Author : R Patrick Widner
The signal light above the airlock door glowed red. Tense seconds passed. The atmosphere in the chamber equalized. Finally the interior doors slid open and the rescue team hustled in carrying an improvised battle stretcher.
The soldier being carried writhed in pain, grabbing the sides of his head. The attendants futilely tried to calm his flailing. Chaos was exploding around them in the fire and smoke. Loud alarms were blaring. Frantic racing shadows darted down hallways.
A voice cut through the din.
“To the ER!” “Get him sedated and on the table! He’s got a live one!”
Misty air swirled and danced as he succumbed to the surgeons tools. There was only blank darkness until he awoke.
She was hovering over him and he didn’t recognize her.
“Hey, soldier,” she said. “You had us worried there for a while. They got it out, though. You’re the first one ever to survive. The doctors from Earth really know what they’re doing. You’re lucky, landing up at this base.”
His head was swimming. Somehow he knew that if he tried to talk, he wouldn’t be able to. He raised his eyes and saw gauze bandages surrounding his vision.
“You just relax there, soldier. You had some serious surgery done on your head. They took an intact egg out of your brain. That’s the first time they’ve been able to get one before it hatched. You’re the first one to survive.”
He closed his eyes and tried to remember, but couldn’t.
“You’re pretty much a hero around here,” she said. “Your squad cleaned out an entire nest and you brought back the first intact specimen we’ve seen. It’s going to be a very valuable tool for the genetics lab.

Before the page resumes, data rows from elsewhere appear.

section \<open>Minkowski's theorem in finite-dimensional normed spaces\<close>

definition two_sided_directions :: "'a::real_vector set \<Rightarrow> 'a \<Rightarrow> 'a set" where
  "two_sided_directions S x = {d. \<exists>e>0. x + e *\<^sub>R d \<in> S \<and> x - e *\<^sub>R d \<in> S}"

lemma convex_shorter_step:
  assumes "convex S" "x \<in> S" "x + e *\<^sub>R d \<in> S" "0 \<le> e'" "e' \<le> e"
  shows "x + e' *\<^sub>R d \<in> S"
proof (cases "e = 0")
  case False
  have "x + e' *\<^sub>R d = (1 - e'/e) *\<^sub>R x + (e'/e) *\<^sub>R (x + e *\<^sub>R d)"
    using False by (simp add: algebra_simps)
  also have "\<dots> \<in> S"
    using assms False by (intro convexD) auto
  finally show ?thesis .
qed (use assms in simp)

lemma two_sided_directions_uminus:
  "d \<in> two_sided_directions S x \<Longrightarrow> - d \<in> two_sided_directions S x"
  by (auto simp: two_sided_directions_def)

lemma two_sided_directions_add:
  assumes "convex S" "x \<in> S"
    and "d1 \<in> two_sided_directions S x" "d2 \<in> two_sided_directions S x"
  shows "d1 + d2 \<in> two_sided_directions S x"
proof -
  obtain e1 e2 where e1: "e1 > 0" "x + e1 *\<^sub>R d1 \<in> S" "x + e1 *\<^sub>R (- d1) \<in> S"
    and e2: "e2 > 0" "x + e2 *\<^sub>R d2 \<in> S" "x + e2 *\<^sub>R (- d2) \<in> S"
    using assms(3,4) by (auto simp: two_sided_directions_def)
  define e where "e = min e1 e2"
  have "e > 0" using e1 e2 by (simp add: e_def)
  have step: "x + e *\<^sub>R d \<in> S" if "x + e' *\<^sub>R d \<in> S" "e \<le> e'" for d e'
    using convex_shorter_step[OF assms(1,2) that(1)] \<open>e > 0\<close> that(2) by simp
  have "x + e *\<^sub>R d1 \<in> S" "x + e *\<^sub>R (- d1) \<in> S" "x + e *\<^sub>R d2 \<in> S" "x + e *\<^sub>R (- d2) \<in> S"
    using step[OF e1(2)] step[OF e1(3)] step[OF e2(2)] step[OF e2(3)] by (simp_all add: e_def)
  then have "(1/2) *\<^sub>R (x + e *\<^sub>R d1) + (1/2) *\<^sub>R (x + e *\<^sub>R d2) \<in> S"
    "(1/2) *\<^sub>R (x + e *\<^sub>R (- d1)) + (1/2) *\<^sub>R (x + e *\<^sub>R (- d2)) \<in> S"
    by (auto intro!: convexD[OF assms(1)])
  moreover have mid: "(1/2) *\<^sub>R (x + e *\<^sub>R a) + (1/2) *\<^sub>R (x + e *\<^sub>R b) = x + (e/2) *\<^sub>R (a + b)"
    for a b by (simp add: scaleR_add_right flip: scaleR_add_left)
  moreover have "x + (e/2) *\<^sub>R (- d1 + - d2) = x - (e/2) *\<^sub>R (d1 + d2)"
    by (simp add: algebra_simps)
  ultimately have "x + (e/2) *\<^sub>R (d1 + d2) \<in> S" "x - (e/2) *\<^sub>R (d1 + d2) \<in> S"
    by (simp_all only: mid)
  then show ?thesis
    using \<open>e > 0\<close> unfolding two_sided_directions_def by (intro CollectI exI[of _ "e/2"]) simp
qed

lemma two_sided_directions_scaleR:
  assumes "x \<in> S" "d \<in> two_sided_directions S x"
  shows "c *\<^sub>R d \<in> two_sided_directions S x"
proof (cases "c = 0")
  case True
  then show ?thesis using assms(1) by (auto simp: two_sided_directions_def intro: exI[of _ 1])
next
  case False
  obtain e where e: "e > 0" "x + e *\<^sub>R d \<in> S" "x - e *\<^sub>R d \<in> S"
    using assms(2) by (auto simp: two_sided_directions_def)
  have "x + (e / \<bar>c\<bar>) *\<^sub>R (c *\<^sub>R d) \<in> S \<and> x - (e / \<bar>c\<bar>) *\<^sub>R (c *\<^sub>R d) \<in> S"
    using e False by (cases "c > 0") (auto simp: algebra_simps)
  then show ?thesis
    using e False by (auto simp: two_sided_directions_def intro!: exI[of _ "e / \<bar>c\<bar>"])
qed

lemma subspace_two_sided_directions:
  assumes "convex S" "x \<in> S"
  shows "subspace (two_sided_directions S x)"
proof -
  have "0 \<in> two_sided_directions S x"
    using assms(2) by (auto simp: two_sided_directions_def intro: exI[of _ 1])
  then show ?thesis
    unfolding subspace_def
    using two_sided_directions_add[OF assms] two_sided_directions_scaleR[OF assms(2)] by blast
qed

lemma two_sided_directions_mono_segment:
  assumes "convex S" "a \<in> S" "x = (1 - u) *\<^sub>R a + u *\<^sub>R b" "0 < u" "u \<le> 1"
  shows "two_sided_directions S b \<subseteq> two_sided_directions S x"
proof
  fix c assume "c \<in> two_sided_directions S b"
  then obtain e where e: "e > 0" "b + e *\<^sub>R c \<in> S" "b - e *\<^sub>R c \<in> S"
    by (auto simp: two_sided_directions_def)
  have "(1 - u) *\<^sub>R a + u *\<^sub>R (b + e *\<^sub>R c) \<in> S" "(1 - u) *\<^sub>R a + u *\<^sub>R (b - e *\<^sub>R c) \<in> S"
    using assms e by (auto intro!: convexD)
  moreover have "(1 - u) *\<^sub>R a + u *\<^sub>R (b + e *\<^sub>R c) = x + (u * e) *\<^sub>R c"
    "(1 - u) *\<^sub>R a + u *\<^sub>R (b - e *\<^sub>R c) = x - (u * e) *\<^sub>R c"
    using assms(3) by (simp_all add: algebra_simps)
  ultimately have "x + (u * e) *\<^sub>R c \<in> S" "x - (u * e) *\<^sub>R c \<in> S"
    by simp_all
  then show "c \<in> two_sided_directions S x"
    using e assms by (auto simp: two_sided_directions_def intro!: exI[of _ "u * e"])
qed

lemma bdd_above_line_vimage:
  fixes S :: "'a::real_normed_vector set"
  assumes "bounded S" "d \<noteq> 0"
  shows "bdd_above ((\<lambda>t. x + t *\<^sub>R d) -` S)"
proof -
  obtain B where B: "\<And>y. y \<in> S \<Longrightarrow> norm y \<le> B" using assms(1) by (auto simp: bounded_iff)
  have "t \<le> (B + norm x) / norm d" if "x + t *\<^sub>R d \<in> S" for t
  proof -
    have "t * norm d \<le> norm (t *\<^sub>R d)" using mult_right_mono[of t "\<bar>t\<bar>" "norm d"] by simp
    also have "\<dots> \<le> norm (x + t *\<^sub>R d) + norm x"
      using norm_triangle_ineq4[of "x + t *\<^sub>R d" x] by simp
    also have "\<dots> \<le> B + norm x" using B[OF that] by simp
    finally show ?thesis using assms(2) by (simp add: field_simps)
  qed
  then show ?thesis by (auto simp: bdd_above_def)
qed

They’ll very likely be able to build a bio-weapon from it.”
He nodded slowly as he drifted away.
“One hundred percent eradication,” General Warren said. “We owe it all to you, soldier.”
The ceremony was starting and soon he would be live on TV in every country in the world that had survived.

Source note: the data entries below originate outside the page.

lemma ex_small_inner:
  assumes "set_mset M \<subseteq> A"
  shows "\<exists>M'. set_mset M' \<subseteq> A \<and> sum_mset M' = sum_mset M \<and> size M' = size M
    \<and> size (inner M') < nat b"
  using assms
proof (induction "size (inner M)" arbitrary: M rule: less_induct)
  case less
  show ?case
  proof (cases "size (inner M) < nat b")
    case True
    with less.prems show ?thesis by auto
  next
    case False
    then have "nat b \<le> size (inner M)"
      by simp
    then obtain M' where M': "set_mset M' \<subseteq> A" "sum_mset M' = sum_mset M" "size M' = size M"
      "size (inner M') < size (inner M)"
      by (rule exchange_inner_submset[OF less.prems])
    from less.hyps[OF M'(4) M'(1)] show ?thesis
      unfolding M'(2,3) .
  qed
qed

lemma mset_eq_inner_plus_ends:
  assumes "set_mset M \<subseteq> {0..b}"
  shows "M = inner M + replicate_mset (count M b) b + replicate_mset (count M 0) 0"
proof (rule multiset_eqI)
  fix x
  show "count M x = count (inner M + replicate_mset (count M b) b + replicate_mset (count M 0) 0) x"
    using assms b_pos by (cases "x \<in># M") (auto simp: not_in_iff)
qed

lemma coneA_normal_form:
  assumes "(n, k) \<in> coneA A"
  obtains P c where "set_mset P \<subseteq> A \<inter> {0<..<b}" "int (size P) < b"
    "n = sum_mset P + int c * b" "int (size P + c) \<le> k"
proof -
  obtain M where M: "set_mset M \<subseteq> A" "n = sum_mset M" "k = int (size M)"
    using assms finite_A by (auto simp: mem_coneA_iff)
  then obtain M' where M': "set_mset M' \<subseteq> A" "sum_mset M' = n" "size M' = size M"
    "size (inner M') < nat b"
    using ex_small_inner by metis
  have "M' = inner M' + replicate_mset (count M' b) b + replicate_mset (count M' 0) 0"
    using M'(1) A_subset by (intro mset_eq_inner_plus_ends) blast
  then have "sum_mset M' = sum_mset (inner M') + int (count M' b) * b"
    "size M' = size (inner M') + count M' b + count M' 0"
    by (metis sum_mset.union sum_mset_replicate_mset add.right_neutral mult_zero_right,
        metis size_union size_replicate_mset)
  with M M' show thesis
    by (intro that[of "inner M'" "count M' b"]) auto
qed
lemma lin_comb_apply:
  assumes "finite B" "free_basis B" "\<forall>b\<in>B. primary k b"
  shows "lin_comb B l j = (if has_period B j then l (smul (pj B j) (unitv j)) * pj B j else 0)"
proof -
  have support: "{b\<in>B. b j \<noteq> 0} = (if has_period B j then {smul (pj B j) (unitv j)} else {})"
    using primary_basis_vector_at[OF assms] smul_pj_in_basis[OF assms(1,2)] pj_pos[OF assms(1,2)]
    by auto
  have "lin_comb B l j = (\<Sum>b\<in>{b\<in>B. b j \<noteq> 0}. l b * b j)"
    using assms(1) by (simp add: lin_comb_def sum.inter_filter) (rule sum.cong, auto)
  then show ?thesis unfolding support by simp
qed

lemma has_period_less:
  assumes "finite B" "free_basis B" "\<forall>b\<in>B. primary k b" "has_period B j"
  shows "j < k"
proof -
  have "smul (pj B j) (unitv j) \<in> B" using smul_pj_in_basis assms by blast
  then obtain n i where "0 < n" "i < k" "smul (pj B j) (unitv j) = smul n (unitv i)"
    using assms(3) primary_def by blast
  then show ?thesis using pj_pos[OF assms(1,2)] by (simp add: smul_unitv_eq_iff)
qed

lemma resimple_set_iff:
  assumes "finite B" "free_basis B" "\<forall>b\<in>B. primary k b"
  shows "x \<in> resimple_set c B \<longleftrightarrow>
    (\<forall>j. if has_period B j then c j \<le> x j \<and> pj B j dvd (x j - c j) else x j = c j)"
    (is "_ \<longleftrightarrow> (\<forall>j. ?in_Sj j)")
proof
  assume "x \<in> resimple_set c B"
  then obtain l where "x = (\<lambda>j. c j + lin_comb B l j)"
    unfolding resimple_set_def oplus_set_def by auto
  then show "\<forall>j. ?in_Sj j" by (simp add: lin_comb_apply[OF assms])
next
  assume in_S: "\<forall>j. ?in_Sj j"
  \<comment> \<open>For \<open>b = p e\<^sub>j\<close>, \<open>j\<close> is the only coordinate with \<open>b j \<noteq> 0\<close>, and \<open>b j = p\<close>.\<close>
  define l where "l b = (let j = SOME j. b j \<noteq> 0 in (x j - c j) div b j)" for b :: "nat \<Rightarrow> nat"
  have "x j = c j + lin_comb B l j" for j
  proof (cases "has_period B j")
    case True
    have "(SOME i. smul (pj B j) (unitv j) i \<noteq> 0) = j"
      using pj_pos[OF assms(1,2)] by (auto split: if_splits)
    then have "l (smul (pj B j) (unitv j)) = (x j - c j) div pj B j" by (simp add: l_def)
    with True in_S show ?thesis by (auto simp: lin_comb_apply[OF assms] elim!: allE[of _ j])
  next
    case False
    with in_S show ?thesis by (auto simp: lin_comb_apply[OF assms] elim!: allE[of _ j])
  qed
  then show "x \<in> resimple_set c B"
    unfolding resimple_set_def oplus_set_def by (auto intro!: exI[of _ "\<lambda>j. x j - c j"] exI[of _ l])
qed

“Without that specimen I don’t know what we would have done. Sorry about your fellow soldiers, that was a brutal way to go. The video we recovered shows the forward base being overrun in seconds. How you escaped is a miracle. The others, well, they were all injected almost immediately, and gestation lasts between two and twenty minutes.”
“C’mon, soldier; let’s go let them have a look at the hero.”
Looking out at the crowd he felt a swell of emotion. The President was about to speak and he would be mentioned by name and stand and give a nod to the audience . He would humbly accept his medals, even though he still didn’t quite understand the whole concept.
The opening speeches ended and then the main speech began. Shortly he heard his name mentioned and he nodded at the applause. The second time his name was mentioned, he stood.
Suddenly he felt a throbbing pulse of pain from his right eye. He grabbed his head and screamed. His eyeball popped from its socket and dangled on his cheek. Behind it a dull gray orb pushed out.
The pressure behind the egg burst it from its socket and it launched above the crowd. Still in mid-air, it erupted into a frenzy of claws and teeth.
It landed thrashing and slashing. Every human it killed, it grew a little. Soon it dominated the landscape and it wandered away destroying everything it encountered.
A single tear ran down the soldier’s cheek as he watched his baby go off into the world.